2018年09月30日

187.日米関係さもあらん(6)〜孫崎享の『戦後史の正体』より〜

47. 冷戦がはじまると、米国は日本をソ連からの防波堤に使おうとしました。米国の占領初期の政策で一番重要なことは、「日本がふたたび米国の脅威にならないことを確実にする」ことでした。米国は終戦直後、日本に太比して非常にきびしい経済制裁を加えました。日本がふたたび軍事大国にならないように、です。しかし、の「日本経済を低水準にとどめておく」という政策は、1948年に変更されます。それはなにも日本の政治家が米国を説得したからではありません。米国人が急に人道主義にめざめたわけでもありません。米国の世界戦略にこのとき大変化が起きていたのです。つまり、「東アジアでは将来、ソ連とのあいだで戦争が起こるかもしれない。そのときには日本の経済を、少なくとも自給自足できるレベルにまで引きあげておく必要がある」ということです。冷戦下のソ連との戦いのなかで、日本を防波堤として使うという考えが出てきたのです。「米国はその世界戦略のなかで、各国をどのように使うかをつねに考えています。米国の世界戦略が変われば、将棋のコマである日本の役割も大きく変わります」.まさにその通りのことが1948年に起こったのです。米国にとってもっとも重要な世界戦略の目的が、それまでの「日本とドイツを二度と立ち上がれないようにすること」から「ソ連に対抗すること」に変化します。そうなると、将棋のコマとしての日本のあつかいも変わってくるのです。

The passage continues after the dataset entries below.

(* Let $\gamma>0$ and $r,k\in\mathbb{N}$ with $2\leq k\leq r$ and $r^*:=r/k\in\mathbb{N}$. Let $J_1$ be the complete $(r^*+1)$-partite graph with $r^*$ parts of size $k$ and one part of size $1$, with distinguished vertices $w_1$ (the unique vertex of the part of size $1$) and $w_2$ (a vertex in one of the parts of size $k$). Let $H_1$ be the graph obtained from $J_1$ by deleting the edge $w_1w_2$, with distinguished ordered pair $(w_1,w_2)$, and let $H_1'$ be the same graph with the roles of the distinguished vertices switched, i.e. with distinguished ordered pair $(w_2,w_1)$. Let $\bm{H_1}:=(H_1,H_1')$. Then there exists $\beta_1=\beta_1(r,k,\gamma)>0$ such that for all sufficiently large $n$ and every $n$-vertex graph $G$ with $\delta(G)\geq(1-\frac{k}{r}+\gamma)n$, every pair of distinct vertices of $G$ is $(\bm{H_1};\beta_1)$-reachable.
   Context: Let $\bm{H}=(H^1,\dots,H^t)$ be a vector of $(r+1)$-vertex graphs, each $H^i$ with an ordered pair of distinct distinguished vertices $(w_1^i,w_2^i)$. An $\bm{H}$-path is the graph obtained by taking vertex-disjoint copies of $H^1,\dots,H^t$ and identifying $w_2^i$ with $w_1^{i+1}$ for each $i\in[t-1]$; its endpoints are $w_1^1$ and $w_2^t$. Two vertices $x,y$ of an $n$-vertex graph $G$ are $(\bm{H};\beta)$-reachable if there are at least $\beta n^{tr-1}$ distinct labelled embeddings (injective maps sending edges to edges) of the $\bm{H}$-path into $G$ such that the endpoints of the path are mapped to $\{x,y\}$. *)

theory Defs
  imports Complex_Main "HOL-Library.FuncSet"
begin

definition simple_graph :: "'a set \<Rightarrow> ('a \<Rightarrow> 'a \<Rightarrow> bool) \<Rightarrow> bool" where
  "simple_graph V E \<longleftrightarrow> finite V \<and>
     (\<forall>u v. E u v \<longrightarrow> u \<in> V \<and> v \<in> V \<and> u \<noteq> v \<and> E v u)"

definition degree :: "'a set \<Rightarrow> ('a \<Rightarrow> 'a \<Rightarrow> bool) \<Rightarrow> 'a \<Rightarrow> nat" where
  "degree V E v = card {u \<in> V. E v u}"

text \<open>An (r+1)-vertex graph on vertex set {0..r} with an ordered pair of
  distinguished vertices (rw1, rw2).\<close>
record rgraph =
  rw1 :: nat
  rw2 :: nat
  radj :: "nat \<Rightarrow> nat \<Rightarrow> bool"

text \<open>H-path for a list Hs = [H^1,...,H^t] of rooted graphs on {0..r}:
  disjoint copies (i,v), i < t, v \<le> r, where the copy of w_1 in H^{i+1}
  (i.e. (i, rw1 (Hs!i)) for i > 0) is identified with the copy of w_2 in H^i.\<close>
definition hpath_rep :: "rgraph list \<Rightarrow> nat \<times> nat \<Rightarrow> nat \<times> nat" where
  "hpath_rep Hs p = (case p of (i, v) \<Rightarrow>
     if 0 < i \<and> v = rw1 (Hs ! i) then (i - 1, rw2 (Hs ! (i - 1))) else (i, v))"

definition hpath_verts :: "rgraph list \<Rightarrow> nat \<Rightarrow> (nat \<times> nat) set" where
  "hpath_verts Hs r = {(i, v). i < length Hs \<and> v \<le> r \<and> \<not> (0 < i \<and> v = rw1 (Hs ! i))}"

definition hpath_edge :: "rgraph list \<Rightarrow> nat \<Rightarrow> nat \<times> nat \<Rightarrow> nat \<times> nat \<Rightarrow> bool" where
  "hpath_edge Hs r a b \<longleftrightarrow> (\<exists>i < length Hs. \<exists>u \<le> r. \<exists>v \<le> r.
      radj (Hs ! i) u v \<and> a = hpath_rep Hs (i, u) \<and> b = hpath_rep Hs (i, v))"

definition hpath_end1 :: "rgraph list \<Rightarrow> nat \<times> nat" where
  "hpath_end1 Hs = (0, rw1 (Hs ! 0))"

definition hpath_end2 :: "rgraph list \<Rightarrow> nat \<times> nat" where
  "hpath_end2 Hs = (length Hs - 1, rw2 (Hs ! (length Hs - 1)))"

definition hpath_embeddings ::
  "'a set \<Rightarrow> ('a \<Rightarrow> 'a \<Rightarrow> bool) \<Rightarrow> rgraph list \<Rightarrow> nat \<Rightarrow> 'a \<Rightarrow> 'a \<Rightarrow> ((nat \<times> nat) \<Rightarrow> 'a) set" where
  "hpath_embeddings V E Hs r x y =
     {\<phi> \<in> hpath_verts Hs r \<rightarrow>\<^sub>E V. inj_on \<phi> (hpath_verts Hs r) \<and>
        (\<forall>a b. hpath_edge Hs r a b \<longrightarrow> E (\<phi> a) (\<phi> b)) \<and>
        {\<phi> (hpath_end1 Hs), \<phi> (hpath_end2 Hs)} = {x, y}}"

definition reachable ::
  "'a set \<Rightarrow> ('a \<Rightarrow> 'a \<Rightarrow> bool) \<Rightarrow> rgraph list \<Rightarrow> nat \<Rightarrow> real \<Rightarrow> 'a \<Rightarrow> 'a \<Rightarrow> bool" where
  "reachable V E Hs r \<beta> x y \<longleftrightarrow>
     real (card (hpath_embeddings V E Hs r x y)) \<ge> \<beta> * real (card V) ^ (length Hs * r - 1)"

text \<open>J_1: vertex 0 is the part of size 1 (w_1); vertices 1..r form r/k parts of
  size k, vertex i belonging to part Suc ((i-1) div k); w_2 = vertex 1.\<close>
definition J1_part :: "nat \<Rightarrow> nat \<Rightarrow> nat" where
  "J1_part k i = (if i = 0 then 0 else Suc ((i - 1) div k))"

definition J1_adj :: "nat \<Rightarrow> nat \<Rightarrow> nat \<Rightarrow> nat \<Rightarrow> bool" where
  "J1_adj r k u v \<longleftrightarrow> u \<le> r \<and> v \<le> r \<and> J1_part k u \<noteq> J1_part k v"

definition H1_adj :: "nat \<Rightarrow> nat \<Rightarrow> nat \<Rightarrow> nat \<Rightarrow> bool" where
  "H1_adj r k u v \<longleftrightarrow> J1_adj r k u v \<and> {u, v} \<noteq> {0, 1}"

definition H1 :: "nat \<Rightarrow> nat \<Rightarrow> rgraph" where
  "H1 r k = \<lparr>rw1 = 0, rw2 = 1, radj = H1_adj r k\<rparr>"

definition H1' :: "nat \<Rightarrow> nat \<Rightarrow> rgraph" where
  "H1' r k = \<lparr>rw1 = 1, rw2 = 0, radj = H1_adj r k\<rparr>"

end

theory Submission
  imports Defs
begin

48. 冷戦とはいったいなんだったのか、そのなかで日本にどういう役割が期待されたかについて、考えてみる必要があります。冷戦の始まりをうけて米国では、国防省長官や元大統領といった人びとが、いっせいに共産主義の脅威に対抗するため、日本の工業力を利用すべきだという方針を打ちだします。占領当初の米国の対日政策は、
「軍事は解体」「経済も解体」「民主化は促進」というものでした。しかし「ソ連への対抗上、日本の経済力・工業力を利用すること」が米国にとっての国益だと判断すると、一気に戦略を一八〇度転換させたのです。そして戦略が変更すると、対日政策も大きく変わります。しかしこの米国本国の急激な路線転換は、それまで日本に君臨してきたマッカーサーの占領政策を完全に否定するものでした。当然、マッカーサーとトルーマン大統領および国防省との対立がはじまります。結局、朝鮮戦争をめぐってその対立は激化し、マッカーサーは解任されることになるのです。

49. 米国が「ソ連への対抗上、日本の経済力・工業力を利用する」方針へ転換したことは、日本の占領政策を大きく変える結果となりました。政策だけでなく、人のあつかいも変わります。戦犯に問われた人も、ソ連との対抗上、必要とされるようになります。戦犯が釈放され、政界に復帰する動きがつづきます。つづいて朝鮮戦争が起こり、米国の対日政策の変化が確定します。米国は日本に経済力をつけさせ、その軍事力も利用しようと考えるようになりました。

50. マッカーサーは連合国最高司令官として日本に君臨しました。彼は日本の軍事力を解体することを目標としていたので、当初、日本の軍事力の復活はまったく考えていませんでした。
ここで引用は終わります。